On Thu, Jul 19, 2018 at 01:56:16PM +0200, Jan Kara wrote:
> On Thu 19-07-18 19:04:46, Ming Lei wrote:
> > On Thu, Jul 19, 2018 at 11:39:18AM +0200, Martin Wilck wrote:
> > > bio_iov_iter_get_pages() returns only pages for a single non-empty
> > > segment of the input iov_iter's iovec. This may be much less than the
> > > number
> > > of pages __blkdev_direct_IO_simple() is supposed to process. Call
> > > bio_iov_iter_get_pages() repeatedly until either the requested number
> > > of bytes is reached, or bio.bi_io_vec is exhausted. If this is not done,
> > > short writes or reads may occur for direct synchronous IOs with multiple
> > > iovec slots (such as generated by writev()). In that case,
> > > __generic_file_write_iter() falls back to buffered writes, which
> > > has been observed to cause data corruption in certain workloads.
> > >
> > > Note: if segments aren't page-aligned in the input iovec, this patch may
> > > result in multiple adjacent slots of the bi_io_vec array to reference the
> > > same
> > > page (the byte ranges are guaranteed to be disjunct if the preceding
> > > patch is
> > > applied). We haven't seen problems with that in our and the customer's
> > > tests. It'd be possible to detect this situation and merge bi_io_vec slots
> > > that refer to the same page, but I prefer to keep it simple for now.
> > >
> > > Fixes: 72ecad22d9f1 ("block: support a full bio worth of IO for
> > > simplified bdev direct-io")
> > > Signed-off-by: Martin Wilck <[email protected]>
> > > ---
> > > fs/block_dev.c | 8 +++++++-
> > > 1 file changed, 7 insertions(+), 1 deletion(-)
> > >
> > > diff --git a/fs/block_dev.c b/fs/block_dev.c
> > > index 0dd87aa..41643c4 100644
> > > --- a/fs/block_dev.c
> > > +++ b/fs/block_dev.c
> > > @@ -221,7 +221,12 @@ __blkdev_direct_IO_simple(struct kiocb *iocb, struct
> > > iov_iter *iter,
> > >
> > > ret = bio_iov_iter_get_pages(&bio, iter);
> > > if (unlikely(ret))
> > > - return ret;
> > > + goto out;
> > > +
> > > + while (ret == 0 &&
> > > + bio.bi_vcnt < bio.bi_max_vecs && iov_iter_count(iter) > 0)
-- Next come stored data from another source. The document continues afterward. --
lemma has_sum_mult_product:
  fixes u :: "'a \<Rightarrow> real" and v :: "'b \<Rightarrow> real"
  assumes u: "(u has_sum U) A" and v: "(v has_sum V) B"
  shows "((\<lambda>(a, b). u a * v b) has_sum U * V) (A \<times> B)"
proof -
  have abs_u: "(\<lambda>a. \<bar>u a\<bar>) summable_on A"
    using summable_on_iff_abs_summable_on_real[THEN iffD1, OF has_sum_imp_summable[OF u]] by simp
  have abs_v: "(\<lambda>b. \<bar>v b\<bar>) summable_on B"
    using summable_on_iff_abs_summable_on_real[THEN iffD1, OF has_sum_imp_summable[OF v]] by simp
  have "((\<lambda>b. \<bar>u a * v b\<bar>) has_sum \<bar>u a\<bar> * infsum (\<lambda>b. \<bar>v b\<bar>) B) B" for a
    using has_sum_cmult_right[OF has_sum_infsum[OF abs_v], of "\<bar>u a\<bar>"] by (simp add: abs_mult)
  then have "(\<lambda>(a, b). \<bar>u a * v b\<bar>) summable_on A \<times> B"
    by (intro summable_on_SigmaI[where g = "\<lambda>a. \<bar>u a\<bar> * infsum (\<lambda>b. \<bar>v b\<bar>) B"])
       (auto intro: summable_on_cmult_left[OF abs_u])
  then have "(\<lambda>p. norm ((\<lambda>(a, b). u a * v b) p)) summable_on A \<times> B"
    by (simp add: case_prod_unfold)
  then have summable: "(\<lambda>(a, b). u a * v b) summable_on A \<times> B"
    by (rule abs_summable_summable)
  have inner: "((\<lambda>b. u a * v b) has_sum u a * V) B" for a
    using v by (rule has_sum_cmult_right)
  have outer: "((\<lambda>a. u a * V) has_sum U * V) A"
    using u by (rule has_sum_cmult_left)
  show ?thesis
    by (rule has_sum_SigmaI[OF _ outer summable]) (simp add: inner)
qed

lemma sums_regroup_by_degree:
  fixes g :: "nat \<times> nat \<times> nat \<Rightarrow> real"
  assumes g: "g summable_on UNIV" and r: "\<And>L. ((\<lambda>q. g (L, q)) has_sum r L) UNIV"
  shows "r sums infsum g UNIV"
    and "(\<lambda>N. \<Sum>p\<in>{(L, m, n). 2 * L + m + n = N}. g p) sums infsum g UNIV"
proof -
  have "(g has_sum infsum g UNIV) (Sigma UNIV (\<lambda>_. UNIV))"
    using g by simp
  then show "r sums infsum g UNIV"
    using r by (intro has_sum_imp_sums) (rule has_sum_SigmaD)
  define fiber where "fiber N = {(L, m, n). 2 * L + m + n = N}" for N :: nat
  have "finite (fiber N)" for N
    by (rule finite_subset[of _ "{..N} \<times> {..N} \<times> {..N}"]) (auto simp: fiber_def)
  have "(g has_sum infsum g UNIV) UNIV"
    using g by simp
  also have "?this \<longleftrightarrow> ((\<lambda>q. g (snd q)) has_sum infsum g UNIV) (Sigma UNIV fiber)"
    by (rule has_sum_reindex_bij_witness[where j = "\<lambda>(L, m, n). (2 * L + m + n, (L, m, n))" and i = snd])
       (auto simp: fiber_def)
  finally have "((\<lambda>N. sum g (fiber N)) has_sum infsum g UNIV) UNIV"
    by (rule has_sum_SigmaD) (simp add: \<open>finite (fiber _)\<close>)
  then show "(\<lambda>N. \<Sum>p\<in>{(L, m, n). 2 * L + m + n = N}. g p) sums infsum g UNIV"
    unfolding fiber_def by (rule has_sum_imp_sums)
qed

section \<open>A terminating very-well-poised sum\<close>

definition wp_term :: "real \<Rightarrow> nat \<Rightarrow> nat \<Rightarrow> nat \<Rightarrow> real" where
  "wp_term s i j L =
     pochhammer (2 * s) (2 * L) * (2 * real L + s) * pochhammer (- real i) L * pochhammer (- real j) L
     / (s * fact (2 * L) * pochhammer (s + 1) (L + i) * pochhammer (s + 1) (L + j))"

definition wp_factor :: "real \<Rightarrow> nat \<Rightarrow> nat \<Rightarrow> nat \<Rightarrow> real" where
  "wp_factor s i j L =
     pochhammer (2 * s) (2 * L) * pochhammer (- real i) L * pochhammer (- real j - 1) L
     / (s * fact (2 * L) * pochhammer (s + 1) (L + i) * pochhammer (s + 1) (L + j))"

definition wp_cert :: "real \<Rightarrow> nat \<Rightarrow> nat \<Rightarrow> nat \<Rightarrow> real" where
  "wp_cert s i j L = wp_factor s i j L
     * (- (real L * (2 * real L - 1) * (real L + real i + s))
        / ((2 * real j + 1) * (real j + 1) * (s + 1 + real i + real j)))"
> > > + ret = bio_iov_iter_get_pages(&bio, iter);
> > > +
> > > ret = bio.bi_iter.bi_size;
> > >
> > > if (iov_iter_rw(iter) == READ) {
> > > @@ -250,6 +255,7 @@ __blkdev_direct_IO_simple(struct kiocb *iocb, struct
> > > iov_iter *iter,
> > > put_page(bvec->bv_page);
> > > }
> > >
> > > +out:
> > > if (vecs != inline_vecs)
> > > kfree(vecs);
> > >
> >
> > You might put the 'vecs' leak fix into another patch, and resue the
> > current code block for that.
> >
> > Looks all users of bio_iov_iter_get_pages() need this kind of fix, so
> > what do you think about the following way?
>
> No. AFAICT all the other users of bio_iov_iter_get_pages() are perfectly
> fine with it returning less pages and they loop appropriately.
OK, but this way still may make one bio to hold more data, especially
the comment of bio_iov_iter_get_pages() says that 'Pins as many pages from
*iter', so looks it is the correct way to do.
thanks,
Ming